In this case, there are 2 gcs which meet the condition of 'end time >
limit' at G1MMUTrackerQueue::when_internal(). i.e.
(gdb) p _array[35] <= _mark_cleanup_start_sec
$106 = {_start_time = 48.060288561, _end_time = 48.060476459}
(gdb) p _array[36]
$107 = {_start_time = 48.061733350000004, _end_time = 48.062563427000001}
(gdb) p _array[37] <= _head_index == _tail_index == 37
$108 = {_start_time = 48.062946299000004, _end_time = 48.063457630000002}
(gdb) p _array[38] <= The oldest gc record
$109 = {_start_time = 47.888210037, _end_time = 47.888929198}

I think _tail_index should be 38.
Reply | Threaded
Open this post in threaded view
|

Re: RFR(s): 8185278: TestGreyReclaimedHumongousObjects.java fails guarantee(index != trim_index(_head_index + 1)) failed: should not go past head

Thomas Schatzl
Hi Sangheon,

On Thu, 2017-10-12 at 16:19 -0700, sangheon.kim wrote:
> Hi all,
>
> Could I have some reviews for fixing G1 MMU concurrency problem?
>

thanks :)

> * Background
>
[...]

> * Analysis
> Considering G1MMUTrackerQueue::_head_index and _tail_index couldn't
> be same with _no_entries==QueueLength, the data is corrupted.
> G1MMUTrackerQueue::add_pause() is only called from VMThread but 
> G1MMUTrackerQueue::when_sec() which internally calls 
> remove_expired_entries() can be called from ConcurrentMarkThread 
> concurrently.
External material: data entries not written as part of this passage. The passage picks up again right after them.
(* Let $G$ be a simple graph with $8$ nodes, $16$ edges and minimum degree $\delta(G)=2$. Then $m_k(K_{4,4})<m_k(G)$ for every $k\in\{5,6,7,8\}$.
   Context: For a graph $H$, $m_k(H)$ denotes the number of edge sets $C\subseteq E(H)$ with $|C|=k$ such that $H-C$ is disconnected (cutsets of cardinality $k$). $K_{4,4}$ is the complete bipartite graph with two parts of size $4$. *)

theory Defs
  imports Main
begin

definition simple_graph :: "'a set \<Rightarrow> 'a set set \<Rightarrow> bool" where
  "simple_graph V E \<longleftrightarrow> finite V \<and>
     (\<forall>e\<in>E. \<exists>u v. u \<in> V \<and> v \<in> V \<and> u \<noteq> v \<and> e = {u, v})"

definition degree :: "'a set set \<Rightarrow> 'a \<Rightarrow> nat" where
  "degree E v = card {e \<in> E. v \<in> e}"

definition min_degree :: "'a set \<Rightarrow> 'a set set \<Rightarrow> nat" where
  "min_degree V E = Min (degree E ` V)"

definition adj :: "'a set set \<Rightarrow> ('a \<times> 'a) set" where
  "adj E = {(u, v). {u, v} \<in> E}"

definition graph_connected :: "'a set \<Rightarrow> 'a set set \<Rightarrow> bool" where
  "graph_connected V E \<longleftrightarrow> (\<forall>u\<in>V. \<forall>v\<in>V. (u, v) \<in> (adj E)\<^sup>*)"

definition cutset_count :: "'a set \<Rightarrow> 'a set set \<Rightarrow> nat \<Rightarrow> nat" where
  "cutset_count V E k = card {C. C \<subseteq> E \<and> card C = k \<and> \<not> graph_connected V (E - C)}"

definition K44_V :: "nat set" where
  "K44_V = {0..<8}"

definition K44_E :: "nat set set" where
  "K44_E = {{i, j} | i j. i < 4 \<and> 4 \<le> j \<and> j < 8}"

end

theory Submission
  imports Defs
begin

text \<open>
  Removing an edge set C disconnects a graph exactly when C contains the edge boundary of a
  nonempty proper vertex set. In G, every k-set of edges containing all edges at a vertex of
  degree d is a cutset, and there are (16 - d choose k - d) of them: a vertex of degree 2 gives
  m_k(G) >= (14 choose k - 2), and for k = 8 the Bonferroni inequality over a few vertices of small
  degree gives m_8(G) > 4508, since the degrees are at least 2 and sum to 32.
  In K_{4,4}, an edge boundary with at most 7 edges is the star of a vertex (4 edges) or the
  boundary of an edge (6 edges); every other boundary has at least 8 edges. Hence
  m_k(K_{4,4}) <= 8 (12 choose k - 4) + 16 (9 choose k - 6) for k <= 7. For k = 8, the cutsets
  containing a star are counted exactly by inclusion-exclusion (3804, as no three stars fit into
  8 edges), and at most 2^7 cutsets are themselves boundaries, so m_8(K_{4,4}) <= 4508.
\<close>

section \<open>Counting supersets\<close>

definition supersets :: "'a set \<Rightarrow> nat \<Rightarrow> 'a set \<Rightarrow> 'a set set" where
  "supersets E k S = {C. C \<subseteq> E \<and> card C = k \<and> S \<subseteq> C}"

text \<open>The guard matters: for s > k there are no supersets, whereas the truncated binomial
  coefficient would be 1.\<close>
definition supersets_count :: "nat \<Rightarrow> nat \<Rightarrow> nat \<Rightarrow> nat" where
  "supersets_count m k s = (if s \<le> k then (m - s) choose (k - s) else 0)"

lemma finite_supersets: "finite E \<Longrightarrow> finite (supersets E k S)"
  unfolding supersets_def by (rule finite_subset[of _ "Pow E"]) auto

lemma supersets_Int: "supersets E k S \<inter> supersets E k T = supersets E k (S \<union> T)"
  unfolding supersets_def by auto

lemma card_supersets:
  assumes "finite E" "S \<subseteq> E"
  shows "card (supersets E k S) = supersets_count (card E) k (card S)"
proof (cases "card S \<le> k")
  case True
  have fin: "finite S" "\<And>C. C \<subseteq> E \<Longrightarrow> finite C" using assms finite_subset by auto
  have "bij_betw (\<lambda>D. D \<union> S) {D. D \<subseteq> E - S \<and> card D = k - card S} (supersets E k S)"
  proof (rule bij_betw_byWitness[where f' = "\<lambda>C. C - S"])
    show "(\<lambda>D. D \<union> S) ` {D. D \<subseteq> E - S \<and> card D = k - card S} \<subseteq> supersets E k S"
    proof (rule image_subsetI)
      fix D assume D: "D \<in> {D. D \<subseteq> E - S \<and> card D = k - card S}"
      then have "card (D \<union> S) = card D + card S" using fin by (intro card_Un_disjoint) auto
      then show "D \<union> S \<in> supersets E k S" using D True assms(2) by (auto simp: supersets_def)
    qed
    show "(\<lambda>C. C - S) ` supersets E k S \<subseteq> {D. D \<subseteq> E - S \<and> card D = k - card S}"
      using fin by (auto simp: supersets_def card_Diff_subset)
  qed (auto simp: supersets_def)
  then have "card (supersets E k S) = card (E - S) choose (k - card S)"
    using assms(1) by (simp add: bij_betw_same_card[symmetric] n_subsets)
  then show ?thesis using True assms fin by (simp add: supersets_count_def card_Diff_subset)
next
  case False
  have "supersets E k S = {}"
    using False assms(1) by (auto simp: supersets_def dest: card_mono[OF finite_subset])
  then show ?thesis using False by (simp add: supersets_count_def)
qed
And when_sec() is guarded by MMUTracker_lock while 
> add_pause() is not guarded.
>
> * Proposal
> Instead of adding MMUTracker_lock at add_pause(), it would be better
> to use SuspendibleThreadSetJoiner as there are 2 additional benefits.
> 1. If there is running young gc but not yet updated its gc time for
> MMU, its gc time will be reflected at this MMU calculation as STS
> will suspend ConcurrentMarkThread.
> 2. ConcurrentMarkThread will not sleep if there is young gc which
> makes MMU more accurate.
>
> CR: https://bugs.openjdk.java.net/browse/JDK-8185278
> Webrev: http://cr.openjdk.java.net/~sangheki/8185278/webrev.0/
> Testing: JPRT
>

Some minor comments:

 - the comment at concurrentMarkThread.cpp:144 seems to be misplaced.
Imho it should be above the SuspendibleThreadSetJoiner call, not as
method comment.

 - in that comment: "If there is running young gc but not yet updated
MMU, its gc time will be reflected at this MMU calculation." -> "If
currently a gc is running, but it has not yet updated the MMU, we will
not forget to consider that pause in the MMU calculation"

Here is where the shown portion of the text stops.